3 Machine learning-based framework for automatic dust impact detection

The goal of the machine learning classifier is to take a monopole RPW snapshot as an input and automatically output if the signal contains a dust impact or not. For this purpose, we use a supervised classifier. A supervised classifier relies on manually labeled data to learn (i.e., train) the function that maps the input observation (the electric field signal) to the output label. For this work, we focus exclusively on detecting dust impact signals, we therefore use the binary labels: dust or no dust. Additional labels, such as: ion-acoustic waves, Langmuir waves and solitary waves, could however be implemented in a similar machine learning-based framework.

3.1 Data pre-processing for machine learning classification

In order to construct a balanced data set, we selected  1500 waveforms classified as dust and  1500 waveforms classified as wave/other by the TDS classification algorithm. The signals were randomly drawn from the TDS data archive and acquired between 15 June 2020 to 16 December 2021. The TDS signals were then pre-processed to standardize the input to the classifier and speed up the training. Standardized data further reduces bias effects and makes the manual labeling of the signals easier to conduct. For this work, a four-step pre-processing procedure was used independently on each antenna signal, the pre-processing procedure applied on a sample signal is illustrated in Fig. 2.

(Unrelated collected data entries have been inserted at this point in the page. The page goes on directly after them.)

lemma Bh_le_action:
  fixes u :: "real^'d^'n::finite \<Rightarrow> real"
  assumes "u \<in> Bh m h" "T > 0" "abs_cont_on 0 T g" "g 0 = x" "g T = y" "action m h 0 T g \<noteq> \<infinity>"
  shows "u y - u x \<le> enn2real (action m h 0 T g)"
proof -
  obtain hs p where hs: "hs \<longlonglongrightarrow> h"
    and fin: "\<And>z. eventually (\<lambda>n. phi m (hs n) z (p n) \<noteq> \<infinity>) sequentially"
    and conv: "\<And>z. (\<lambda>n. enn2real (phi m (hs n) 0 (p n)) - enn2real (phi m (hs n) z (p n))) \<longlonglongrightarrow> u z"
    using Bh_tendsto[OF assms(1)] by blast
  define A where "A = action m h 0 T g"
  define \<phi> where "\<phi> n z = phi m (hs n) z (p n)" for n z
  have "(\<lambda>n. enn2real (\<phi> n x) - enn2real (\<phi> n y)) \<longlonglongrightarrow> u y - u x"
    using tendsto_diff[OF conv[of y] conv[of x]] by (simp add: \<phi>_def)
  moreover have "(\<lambda>n. enn2real A + \<bar>hs n - h\<bar> * T) \<longlonglongrightarrow> enn2real A"
  proof -
    have "(\<lambda>n. \<bar>hs n - h\<bar> * T) \<longlonglongrightarrow> 0"
      using hs by (intro tendsto_mult_left_zero tendsto_rabs_zero) (simp add: LIM_zero)
    from tendsto_add[OF tendsto_const this] show ?thesis by simp
  qed
  moreover have "\<forall>\<^sub>F n in sequentially.
      enn2real (\<phi> n x) - enn2real (\<phi> n y) \<le> enn2real A + \<bar>hs n - h\<bar> * T"
    using fin[of x] fin[of y]
  proof eventually_elim
    case (elim n)
    have "\<phi> n x \<le> action m (hs n) 0 T g + \<phi> n y"
      unfolding \<phi>_def using assms(2-5) by (rule phi_le_action_add_phi)
    also have "\<dots> \<le> A + ennreal (\<bar>hs n - h\<bar> * T) + \<phi> n y"
      using action_le_action_add[where a=0 and b=T and h'="hs n" and h=h and g=g and m=m] assms(2)
      by (simp add: A_def add_right_mono)
    finally have "enn2real (\<phi> n x) \<le> enn2real (A + ennreal (\<bar>hs n - h\<bar> * T) + \<phi> n y)"
      using elim assms(6) by (intro enn2real_mono) (auto simp: A_def \<phi>_def top.not_eq_extremum)
    then show ?case
      using elim assms(2,6) by (simp add: A_def \<phi>_def enn2real_plus top.not_eq_extremum)
  qed
  ultimately show ?thesis
    unfolding A_def by (intro tendsto_le[OF trivial_limit_sequentially])
qed

theorem lemma2p8:
  fixes m :: "'n::finite \<Rightarrow> real" and h :: real and u :: "real^'d^'n \<Rightarrow> real"
  assumes "CARD('d) \<ge> 2" and "\<forall>i. m i > 0" and "h \<ge> 0" and "u \<in> Bh m h"
  shows "\<forall>x y. ereal (u y - u x) \<le> enn2ereal (phi m h x y)"
proof (intro allI)
  fix x y :: "real^'d^'n"
  have "ennreal (u y - u x) \<le> action m h 0 T g"
    if "T > 0" "abs_cont_on 0 T g" "g 0 = x" "g T = y" for T g
  proof (cases "action m h 0 T g = \<infinity>")
    case False
    have "ennreal (u y - u x) \<le> ennreal (enn2real (action m h 0 T g))"
      using Bh_le_action[OF assms(4) that False] by (rule ennreal_leI)
    with False show ?thesis
      by (simp add: ennreal_enn2real top.not_eq_extremum)
  qed simp
  then have "ennreal (u y - u x) \<le> phi m h x y"
    unfolding phi_def by (intro INF_greatest) auto
  show "ereal (u y - u x) \<le> enn2ereal (phi m h x y)"
  proof (cases "u y - u x \<le> 0")
    case True
    then have "ereal (u y - u x) \<le> 0" by simp
    also have "0 \<le> enn2ereal (phi m h x y)" by (rule enn2ereal_nonneg)
    finally show ?thesis .
  next
    case False
    then show ?thesis using \<open>ennreal (u y - u x) \<le> phi m h x y\<close> by (simp add: less_eq_ennreal.rep_eq)
  qed
qed

end
inductive_set poly_expr :: "'a::field set \<Rightarrow> (nat \<Rightarrow> 'a) \<Rightarrow> nat \<Rightarrow> 'a set"
  for K f m
where
  const: "c \<in> K \<Longrightarrow> c \<in> poly_expr K f m"
| var: "i < m \<Longrightarrow> f i \<in> poly_expr K f m"
| plus: "a \<in> poly_expr K f m \<Longrightarrow> b \<in> poly_expr K f m \<Longrightarrow> a + b \<in> poly_expr K f m"
| times: "a \<in> poly_expr K f m \<Longrightarrow> b \<in> poly_expr K f m \<Longrightarrow> a * b \<in> poly_expr K f m"

lemma poly_expr_mono: "a \<in> poly_expr K f m \<Longrightarrow> m \<le> m' \<Longrightarrow> a \<in> poly_expr K f m'"
  by (induction rule: poly_expr.induct) (auto intro: poly_expr.intros)

lemma poly_expr_diff:
  assumes "is_subfield K" "a \<in> poly_expr K f m" "b \<in> poly_expr K f m"
  shows "a - b \<in> poly_expr K f m"
proof -
  have "(- 1) * b \<in> poly_expr K f m"
    using assms by (blast intro: poly_expr.times poly_expr.const subfield_uminus subfield_one)
  then show ?thesis
    using assms(2) poly_expr.plus by fastforce
qed

lemma poly_expr_power: "is_subfield K \<Longrightarrow> a \<in> poly_expr K f m \<Longrightarrow> a ^ n \<in> poly_expr K f m"
  by (induction n) (auto intro: poly_expr.intros subfield_one)

lemma poly_expr_sum:
  "is_subfield K \<Longrightarrow> (\<And>i. i \<in> A \<Longrightarrow> g i \<in> poly_expr K f m) \<Longrightarrow> sum g A \<in> poly_expr K f m"
  by (induction A rule: infinite_finite_induct) (auto intro: poly_expr.intros subfield_zero)

lemma prod_power_add: "(\<Prod>i<n. f i ^ (e1 i + e2 i)) = (\<Prod>i<n. f i ^ e1 i) * (\<Prod>i<n. f i ^ e2 i)"
  by (simp add: power_add prod.distrib)

lemma prod_power_single: "(j::nat) < n \<Longrightarrow> (\<Prod>i<n. f i ^ (if i = j then k else 0)) = f j ^ k"
proof -
  assume "j < n"
  have "(\<Prod>i<n. f i ^ (if i = j then k else 0)) = (\<Prod>i<n. if i = j then f i ^ k else 1)"
    by (intro prod.cong) auto
  also have "\<dots> = f j ^ k"
    using \<open>j < n\<close> by (subst prod.delta) auto
  finally show ?thesis .
qed

text \<open>The exponent vectors vanish from m on, but the products range over i < n, which may
  exceed m.\<close>

definition monomial_sum :: "'a::field set \<Rightarrow> nat \<Rightarrow> nat \<Rightarrow> (nat \<Rightarrow> 'a) \<Rightarrow> 'a \<Rightarrow> bool" where
  "monomial_sum K m n f a \<longleftrightarrow> (\<exists>S c. finite S \<and> (\<forall>e\<in>S. c e \<in> K \<and> (\<forall>i\<ge>m. e i = 0)) \<and>
     a = (\<Sum>e\<in>S. c e * (\<Prod>i<n. f i ^ e i)))"

lemma monomial_sum_const: "c \<in> K \<Longrightarrow> monomial_sum K m n f c"
  unfolding monomial_sum_def by (intro exI[of _ "{\<lambda>_. 0}"] exI[of _ "\<lambda>_. c"]) simp

lemma monomial_sum_var:
  assumes "is_subfield K" "i < m" "m \<le> n"
  shows "monomial_sum K m n f (f i)"
proof -
  have "(\<Prod>j<n. f j ^ (if j = i then 1 else 0)) = f i"
    using assms prod_power_single[of i n f 1] by simp
  then show ?thesis
    unfolding monomial_sum_def using assms
    by (intro exI[of _ "{\<lambda>j. if j = i then 1 else 0}"] exI[of _ "\<lambda>_. 1"]) (auto simp: subfield_one)
qed

lemma monomial_sum_add:
  assumes K: "is_subfield K" and "monomial_sum K m n f a" "monomial_sum K m n f b"
  shows "monomial_sum K m n f (a + b)"
proof -
  obtain S1 c1 S2 c2 where
    S1: "finite S1" "\<forall>e\<in>S1. c1 e \<in> K \<and> (\<forall>i\<ge>m. e i = 0)" "a = (\<Sum>e\<in>S1. c1 e * (\<Prod>i<n. f i ^ e i))" and
    S2: "finite S2" "\<forall>e\<in>S2. c2 e \<in> K \<and> (\<forall>i\<ge>m. e i = 0)" "b = (\<Sum>e\<in>S2. c2 e * (\<Prod>i<n. f i ^ e i))"
    using assms(2,3) unfolding monomial_sum_def by blast
  define c where "c e = (if e \<in> S1 then c1 e else 0) + (if e \<in> S2 then c2 e else 0)" for e
  have restrict: "(\<Sum>e\<in>S1 \<union> S2. if e \<in> S then g e else 0) = sum g S"
    if "S \<subseteq> S1 \<union> S2" for S and g :: "(nat \<Rightarrow> nat) \<Rightarrow> 'a"
    using that S1(1) S2(1) by (simp add: sum.inter_restrict[symmetric] Int_absorb1)
  have "(\<Sum>e\<in>S1 \<union> S2. c e * (\<Prod>i<n. f i ^ e i))
      = (\<Sum>e\<in>S1 \<union> S2. (if e \<in> S1 then c1 e * (\<Prod>i<n. f i ^ e i) else 0)
                      + (if e \<in> S2 then c2 e * (\<Prod>i<n. f i ^ e i) else 0))"
    by (intro sum.cong) (simp_all add: c_def distrib_right)
  also have "\<dots> = a + b"
    unfolding sum.distrib restrict[OF Un_upper1] restrict[OF Un_upper2] S1(3) S2(3) ..
  finally have "(\<Sum>e\<in>S1 \<union> S2. c e * (\<Prod>i<n. f i ^ e i)) = a + b" .
  moreover have "\<forall>e\<in>S1 \<union> S2. c e \<in> K \<and> (\<forall>i\<ge>m. e i = 0)"
    using S1(2) S2(2) K by (auto simp: c_def intro: subfield_add subfield_zero)
  ultimately show ?thesis
    unfolding monomial_sum_def using S1(1) S2(1)
    by (intro exI[of _ "S1 \<union> S2"] exI[of _ c]) auto
qed

lemma monomial_sum_mult:
  assumes K: "is_subfield K" and "monomial_sum K m n f a" "monomial_sum K m n f b"
  shows "monomial_sum K m n f (a * b)"
proof -
  obtain S1 c1 S2 c2 where
    S1: "finite S1" "\<forall>e\<in>S1. c1 e \<in> K \<and> (\<forall>i\<ge>m. e i = 0)" "a = (\<Sum>e\<in>S1. c1 e * (\<Prod>i<n. f i ^ e i))" and
    S2: "finite S2" "\<forall>e\<in>S2. c2 e \<in> K \<and> (\<forall>i\<ge>m. e i = 0)" "b = (\<Sum>e\<in>S2. c2 e * (\<Prod>i<n. f i ^ e i))"
    using assms(2,3) unfolding monomial_sum_def by blast
  define h where "h q = (\<lambda>i. fst q i + snd q i)" for q :: "(nat \<Rightarrow> nat) \<times> (nat \<Rightarrow> nat)"
  define t where "t q = c1 (fst q) * c2 (snd q)" for q
  define c where "c e = (\<Sum>q\<in>{q \<in> S1 \<times> S2. h q = e}. t q)" for e
  have fin: "finite (S1 \<times> S2)"
    using S1(1) S2(1) by simp
  have "a * b = (\<Sum>q\<in>S1 \<times> S2. t q * (\<Prod>i<n. f i ^ h q i))"
    unfolding S1(3) S2(3) sum_product sum.cartesian_product h_def t_def
    by (intro sum.cong) (auto simp: prod_power_add mult_ac)
  also have "\<dots> = (\<Sum>e\<in>h ` (S1 \<times> S2). \<Sum>q\<in>{q \<in> S1 \<times> S2. h q = e}. t q * (\<Prod>i<n. f i ^ h q i))"
    by (rule sum.image_gen[OF fin])
  also have "\<dots> = (\<Sum>e\<in>h ` (S1 \<times> S2). c e * (\<Prod>i<n. f i ^ e i))"
    unfolding c_def sum_distrib_right by (intro sum.cong) auto
  finally have "a * b = (\<Sum>e\<in>h ` (S1 \<times> S2). c e * (\<Prod>i<n. f i ^ e i))" .
  moreover have "\<forall>e\<in>h ` (S1 \<times> S2). c e \<in> K \<and> (\<forall>i\<ge>m. e i = 0)"
    using S1(2) S2(2) K by (auto simp: c_def t_def h_def intro!: subfield_sum subfield_mult)
  ultimately show ?thesis
    unfolding monomial_sum_def using fin
    by (intro exI[of _ "h ` (S1 \<times> S2)"] exI[of _ c]) auto
qed

lemma poly_expr_monomial_sum:
  assumes "is_subfield K" "a \<in> poly_expr K f m" "m \<le> n"
  shows "monomial_sum K m n f a"
  using assms(2)
proof induction
  case (var i)
  then show ?case
    using monomial_sum_var assms(1,3) by blast
qed (simp_all add: monomial_sum_const monomial_sum_add monomial_sum_mult assms(1))

lemma poly_expr_leading_term_alg_dependent:
  assumes K: "is_subfield K" and a: "a \<in> poly_expr K f m" and "m < n"
    and c: "c \<in> K" "c \<noteq> 0" and e: "\<forall>i\<ge>n. e i = 0" "e m \<noteq> 0"
    and zero: "c * (\<Prod>i<n. f i ^ e i) + a = 0"
  shows "alg_dependent K f n"
proof -
  obtain S c' where S: "finite S" "\<forall>e\<in>S. c' e \<in> K \<and> (\<forall>i\<ge>m. e i = 0)"
    and a_sum: "a = (\<Sum>e\<in>S. c' e * (\<Prod>i<n. f i ^ e i))"
    using poly_expr_monomial_sum[OF K a less_imp_le[OF \<open>m < n\<close>]] unfolding monomial_sum_def by blast
  have "e \<notin> S"
    using S(2) e(2) by auto
  define c'' where "c'' = c'(e := c)"
  define T where "T = {e' \<in> insert e S. c'' e' \<noteq> 0}"
  have "(\<Sum>e'\<in>T. c'' e' * (\<Prod>i<n. f i ^ e' i)) = (\<Sum>e'\<in>insert e S. c'' e' * (\<Prod>i<n. f i ^ e' i))"
    unfolding T_def using S(1) by (intro sum.mono_neutral_left) auto
  also have "\<dots> = c * (\<Prod>i<n. f i ^ e i) + a"
    using S(1) \<open>e \<notin> S\<close> unfolding a_sum c''_def
    by (simp add: sum.insert) (intro sum.cong; auto)
  also have "\<dots> = 0"
    by (rule zero)
  finally have "(\<Sum>e'\<in>T. c'' e' * (\<Prod>i<n. f i ^ e' i)) = 0" .
  moreover have "e \<in> T"
    using c(2) by (simp add: T_def c''_def)
  moreover have "\<forall>e'\<in>T. (\<forall>i\<ge>n. e' i = 0) \<and> c'' e' \<in> K \<and> c'' e' \<noteq> 0"
    using S(2) e(1) c(1) \<open>m < n\<close> by (auto simp: T_def c''_def)
  moreover have "finite T"
    using S(1) by (simp add: T_def)
  ultimately show ?thesis
    unfolding alg_dependent_def by blast
qed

  1. Remove the signal offset. The electric field offset is removed by subtracting the raw signal with the median of a heavily filtered version of the raw data. A sliding median filter over 21 time steps was selected by visual inspection of the noise characteristics. The removal of the electric field offset centers the signal around zero and reduces bias effects from offset waveforms.

  2. Filter the data. The signal is filtered using a sliding median filter over seven time steps in order to reduce the high-frequency noise. The seven time-step filter was selected by inspecting the power spectrum of impact signals and by noticing that most information above (fN=35 kHz) is buried in noise, although the TDS sampling frequency is higher (fs=262.1 kHz), thus making a filter length (<fs/fN7.5) appropriate without significant loss of information.

  3. Compress the data. The signal is re-sampled with a compression factor of 4 using linear 1-dimensional interpolation. The compression is done to speed up the training of the classifier, resulting in a re-sampling from 16 384 to 4096 time steps.

  4. Normalize the signal. The data are normalized to be between 1 and 1 by dividing all data samples with the maximum absolute value of the signal. The normalization makes the machine learning classifier more robust to variations in the signal strength and eases the parameter optimization during training.

3.2 Manual waveform labeling

Manually labeled data are used both to train the machine learning classifiers and to test the performance of the trained models. Thus, great care is needed in order to construct a high-quality labeled data set, without significant contamination of corrupted data files, biases and mislabeled signals.

We manually labeled the data into either dust or no dust. Each signal was displayed without indications of the previously assigned label by the TDS classifier in order to reduce bias effects. Furthermore, a zoom function was used to investigate the areas of interest, and options were included both to correct labeling mistakes by the user and to indicate ambiguous signals that do not clearly fit into any label (dust or no dust). Appendix A presents the graphical user interface (GUI) that was used to label the 3000 observations.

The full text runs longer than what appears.